Thursday, July 23, 2009

BREAKING NEWS: WE FOUND OUT WHO DIDN'T VOTE FOR TEBOW

Guess what? I'm lying. Why?

BECAUSE WHO CARES!

I can't take reading on so many blogs, newspaper websites, and even having to listen to Skip Bayless and other ESPN douchebags ponder who in the world didn't vote for TEBLOWME.

I'm also sick, as is Earl, of listening to Floriduh fans whine and cry about it, as if it is the end of the world. One measly ass vote and you would've thought one of these coaches commissioned a second bombing of Pearl Harbor since the fervor and anger over this is so constant.

I realize it's July, we're all bored, yet all pumped at the same time.

However, get over it.

Suck a nut, Tebow.

4 comments:

Earl said...

Hope it was Richt.

The Watch Dawg said...

You're not the only one. I swear it's been the worst media days ever. The whole thing has revolved around "who didn't vote for Tebow?" Bullpuckey, I tell ya.

Gov Milledge said...

My money is that it was Spurrier.

I feel like when it's his turn at the podium today, he'll get up there and confess straight up that he voted for someone else and justify it like this:

"Tebow? Tim Tebow? No, I didn't vote for him, I voted for Snead. Why? Because Tebow's not Danny Wuerffel. You could run Florida's offense with a hamster, a ball of twine and chewing gum with the type of players they have. Snead, on the other hand..."

Anonymous said...

You want to know who didn't vote for Tebow? You want the truth?

Son, we live in a world that has trophies and those trophies need to be awarded to men with talent. Who's gonna do it? You Mark Richt? You, Les Miles? I have a greater responsibility than you can possibly fathom. You weep for Knowshon and curse the Gators; you have that luxury. You have the luxury of not knowing what I know: that Tebow's Heisman, while tragic, probably saved lives and that my existence, while grotesque and incomprehensible to you, saves lives.

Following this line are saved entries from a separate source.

lemma Zmat_mult_flatten: "Zmat x y *v flatten T = (\<chi> i. bil (y i) (T *v x i))"
proof -
  have "(Zmat x y *v flatten T) $ i = (\<Sum>j\<in>UNIV. \<Sum>k\<in>UNIV. x i $ j * y i $ k * T $ k $ j)" for i
    by (simp add: Zmat_def flatten_def matrix_vector_mult_def sum.cartesian_product
        case_prod_unfold flip: UNIV_Times_UNIV)
  also have "\<dots> i = (\<Sum>k\<in>UNIV. \<Sum>j\<in>UNIV. x i $ j * y i $ k * T $ k $ j)" for i
    by (rule sum.swap)
  also have "\<dots> i = bil (y i) (T *v x i)" for i
    by (simp add: bil_def matrix_vector_mult_def sum_distrib_left mult_ac)
  finally show ?thesis by (simp add: vec_eq_iff)
qed

lemma rank_Zmat_less_9_iff:
  "rank (Zmat x y) < 9 \<longleftrightarrow> (\<exists>T::complex^3^3. T \<noteq> 0 \<and> (\<forall>i. bil (y i) (T *v x i) = 0))"
proof -
  have "rank (Zmat x y) < 9 \<longleftrightarrow> (\<exists>t. t \<noteq> 0 \<and> Zmat x y *v t = 0)"
    by (simp add: matrix_nonfull_linear_equations_eq_gen)
  also have "\<dots> \<longleftrightarrow> (\<exists>T::complex^3^3. T \<noteq> 0 \<and> Zmat x y *v flatten T = 0)"
    using surj_flatten flatten_eq_0_iff by (metis surjD)
  also have "\<dots> \<longleftrightarrow> (\<exists>T::complex^3^3. T \<noteq> 0 \<and> (\<forall>i. bil (y i) (T *v x i) = 0))"
    by (simp add: Zmat_mult_flatten vec_eq_iff)
  finally show ?thesis .
qed

theorem mainTheorem4:
  fixes x y :: "9 \<Rightarrow> complex^3"
  assumes hx: "\<forall>i. x i \<noteq> 0" and hy: "\<forall>i. y i \<noteq> 0"
  shows "(rank (Zmat x y) < 9 \<longleftrightarrow>
            (\<exists>T::complex^3^3. T \<noteq> 0 \<and> (\<forall>i. bil (y i) (T *v x i) = 0)))
    \<and> (\<forall>T::complex^3^3. T \<noteq> 0 \<and> (\<forall>i. bil (y i) (T *v x i) = 0) \<longrightarrow>
         (rank T = 1 \<longrightarrow>
            (\<exists>n n'. n \<noteq> 0 \<and> n' \<noteq> 0 \<and> (\<forall>i. bil (x i) n = 0 \<or> bil (y i) n' = 0)))
       \<and> (rank T = 2 \<longrightarrow>
            (\<exists>e e' H. e \<noteq> 0 \<and> e' \<noteq> 0
               \<and> {v. T *v v = 0} = {c *s e | c. True}
               \<and> {w. w v* T = 0} = {c *s e' | c. True}
               \<and> bij_betw (\<lambda>n. (H::complex^3^3) *v n) (pencil e) (pencil e')
               \<and> (\<forall>i. \<not> proj_eq (x i) e \<and> \<not> proj_eq (y i) e' \<longrightarrow>
                     (\<forall>n. n \<noteq> 0 \<and> bil e n = 0 \<and> bil (x i) n = 0 \<longrightarrow>
                          bil e' (H *v n) = 0 \<and> bil (y i) (H *v n) = 0))))
       \<and> (rank T = 3 \<longrightarrow> invertible T \<and> (\<forall>i. bil (y i) (T *v x i) = 0)))"
proof -
  have "invertible T" if "rank T = 3" for T :: "complex^3^3"
    using full_rank_imp_invertible_gen[of T] that by simp
  then show ?thesis
    by (intro conjI allI impI rank_Zmat_less_9_iff; elim conjE)
      (blast intro: rank1_incident_lines rank2_epipoles_homography[OF hx])+
qed

end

You don't want the truth because deep down in places you don't talk about at parties you want me to cast that vote for Tebow, you need me on to cast that vote for Tebow. We use words like Tebow, Superman, god. We use them as the backbone of a life trying to diefy Tim Tebow. You use them as a punchline. I have neither the time nor the inclination to explain myself to a man who rises and sleeps under the blanket of the very freedom Tim Tebow provides and then questions the manner in which he provides it. I would rather you just said "thank you," and went on your way. Otherwise, I suggest that you put on some Orange and gel your hair. Either way, I don't give a damn what you think you are entitled to.